In fact, Bobby Jaros, the co-founder and CEO of LookFlow, a deep-learning-based computer vision startup Yahoo bought in October 2013, originally was embedded within the Flickr team but has joined Yahoo Labs in an effort to grow out a deep learning team. Presumably, that team will work on applying those techniques in areas beyond what Li is already researching in computer vision. Brachman cited advertising, recommendations, personalization and privacy as other areas where “neural-net-flavored deep learning will be a nice additional tool in our toolbox.”
He’s excited, but realistic, about what deep learning and other new approaches to artificial intelligence could mean to a company like Yahoo over the next few years. “Back in the earlier days … we were doing research that felt more speculative than it does now, in a way, because so much of artificial intelligence has become real,” Brachman said.

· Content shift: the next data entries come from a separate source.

theorem theorem2:
  fixes f :: "real^'n \<Rightarrow> real^'m \<Rightarrow> real^'n"
    and C P :: "((real^'n) \<times> (real^'m)) set"
    and Q :: "real^'m^'m"
    and xe :: "real^'m \<Rightarrow> real^'n"
    and x :: "nat \<Rightarrow> real^'n"
    and v cand r :: "nat \<Rightarrow> real^'m"
  assumes Qsym: "transpose Q = Q"
    and Qpd: "\<And>w. w \<noteq> 0 \<Longrightarrow> qnorm2 Q w > 0"
    \<comment> \<open>A2\<close>
    and A2_eq: "\<And>w. f (xe w) w = xe w"
    and A2_uniq: "\<And>w y. f y w = y \<Longrightarrow> y = xe w"
    and A2_lip: "\<exists>L. L-lipschitz_on UNIV xe"
    and A2_RP: "closed (RP xe P) \<and> convex (RP xe P)"
    and A2_Px: "\<And>y. closed (secx P y) \<and> convex (secx P y)"
    \<comment> \<open>A3\<close>
    and A3: "\<exists>\<epsilon>>0. \<forall>w\<in>RP xe P. ball (xe w) \<epsilon> \<subseteq> secv P w"
    \<comment> \<open>A4\<close>
    and A4: "P \<subseteq> Oinf f C \<and> Oinf f C \<subseteq> C"
    \<comment> \<open>A5\<close>
    and A5: "\<And>vs xs. (\<forall>t. xs (Suc t) = f (xs t) (vs t)) \<Longrightarrow>
               (\<lambda>t. vs (Suc t) - vs t) \<longlonglongrightarrow> 0 \<Longrightarrow>
               (\<lambda>t. xs t - xe (vs t)) \<longlonglongrightarrow> 0"
    \<comment> \<open>R_P nonempty, implicit in the definition of r*(t) as an argmin over R_P\<close>
    and RP_ne: "RP xe P \<noteq> {}"
    \<comment> \<open>closed loop and governor\<close>
    and dyn: "\<And>t. x (Suc t) = f (x t) (v t)"
    and init: "(x 0, v 0) \<in> P"
    and cg: "\<And>t. t \<ge> 1 \<Longrightarrow> v t = cg_step Q P (x t) (r t) (v (t - 1)) (cand t)"
    and hyp: "\<exists>\<epsilon>' \<delta>'. \<epsilon>' > 0 \<and> \<delta>' > 0 \<and>
       (\<forall>t\<ge>1. norm (x t - xe (v (t - 1))) < \<epsilon>' \<longrightarrow>
          (x t, v t) \<in> P \<and>
          qnorm2 Q (v t - qproj Q (RP xe P) (r t))
            \<le> max 0 (qnorm2 Q (v (t - 1) - qproj Q (RP xe P) (r t)) - \<delta>'\<^sup>2))"
  shows "(\<forall>t. (x t, v t) \<in> C)
    \<and> (\<forall>r0 th. (\<forall>t\<ge>th. r t = r0) \<and> r0 \<in> RP xe P \<longrightarrow> (\<exists>T. \<forall>t\<ge>T. v t = r0))
    \<and> (\<forall>r0 th. (\<forall>t\<ge>th. r t = r0) \<and> r0 \<notin> RP xe P \<longrightarrow>
          (\<exists>T. \<forall>t\<ge>T. v t = qproj Q (RP xe P) r0))"
proof -
  obtain \<epsilon>' \<delta>' where "\<epsilon>' > 0" "\<delta>' > 0" and governed:
    "\<And>t. t \<ge> 1 \<Longrightarrow> norm (x t - xe (v (t - 1))) < \<epsilon>' \<Longrightarrow>
       qnorm2 Q (v t - qproj Q (RP xe P) (r t))
         \<le> max 0 (qnorm2 Q (v (t - 1) - qproj Q (RP xe P) (r t)) - \<delta>'\<^sup>2)"
    using hyp by blast
  obtain L where Lip: "L-lipschitz_on UNIV xe"
    using A2_lip by blast
  have admissible: "\<forall>t. (x t, v t) \<in> C"
    using cg_closed_loop_in_Oinf[OF _ dyn init cg] A4 by blast
  have converges: "\<exists>T. \<forall>t\<ge>T. v t = qproj Q (RP xe P) r0" if "\<forall>t\<ge>th. r t = r0" for r0 th
    using cg_reaches_projection[OF Qpd Lip A5 dyn cg \<open>\<epsilon>' > 0\<close> \<open>\<delta>' > 0\<close> governed] that
    by blast
  show ?thesis
    using admissible converges qproj_of_mem[OF Qpd] by metis
qed

end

For example, when he created the DARPA framework that ultimately led SRI to develop Siri, he was skeptical that the work could be completed in five years, and now “Siri is in the pocket of some humongous number of people around the world,” he said. These successes have inspired the machine learning community as a whole, which is coming around on the idea of scaling up all sorts of approaches previously confined to laboratories. Stuff that was deemed futuristic 20 years ago is now legitimate, which is not something Brachman necessarily would have predicted.
“People are starting to entertain those things because they’ve seen artificial intelligence impact society and business,” Brachman said.
But it won’t all be smooth sailing as today’s researchers try to take today’s hot techniques to the next level. Brachman said there are still “huge advances” that need to happen before we have full-scale AI systems, starting with relatively simple things such as connecting the results of a deep learning algorithm to a knowledge graph for the sake of correcting the learning model’s mistakes. “No one knows how to do that,” he said.
Tying it altogether into a ubiquitous Yahoo
When everything comes together — everything Yahoo Labs is presently working on, and probably some stuff not yet on its plate — Brachman envisions a Yahoo that’s as ubiquitous as computers seem destined to be. Phones, watches, public terminals, brain implants — Yahoo wants to be able to deliver content to all of them. That probably means rethinking the inputs (e.g, typing, voice, and probably even video and location data) as well as what the applications actually look like and how users expect stuff to be delivered in any given situation to any given device.
“We really want to understand the human element of being mobile,” Brachman said. “If we ever build an integrated, useful Yahoo presence,” he added, “it needs to know about all these things.”
Of course, this being Yahoo, advertising will always play a role in how the company designs its future. Brachman said areas such as “advertising science” continue to be important, even though it has been years since Yahoo first claimed to have mastered the targeted ad. As devices and ad types evolve, design strategies and optimization algorithms need to evolve with them. One of Yahoo Labs’ bigger recent projects, for example, was a new advertising platform called Gemini that lets advertisers manage their mobile search and native advertising campaigns through a single system.
In the ubiquitous computing future Brachman predicts, Yahoo and its advertisers will have to figure out how to make ads something people actually desire. He points to current-day fashion and bridal magazines as media where people actually buy them for the ads. Others might point to a digital platform like Pinterest.
“What we need to think about at a deep conceptual level is ‘What is content?’ ‘What are communications between humans?’ ‘What is advertising?'” Brachman said. “… All in the abstract, all independent of how it gets to a person.”
Update: This post was updated at 5:26 to correct the LookFlow co-founder who has joined Yahoo Labs. It is Bobby Jaros, not Simon Osindero.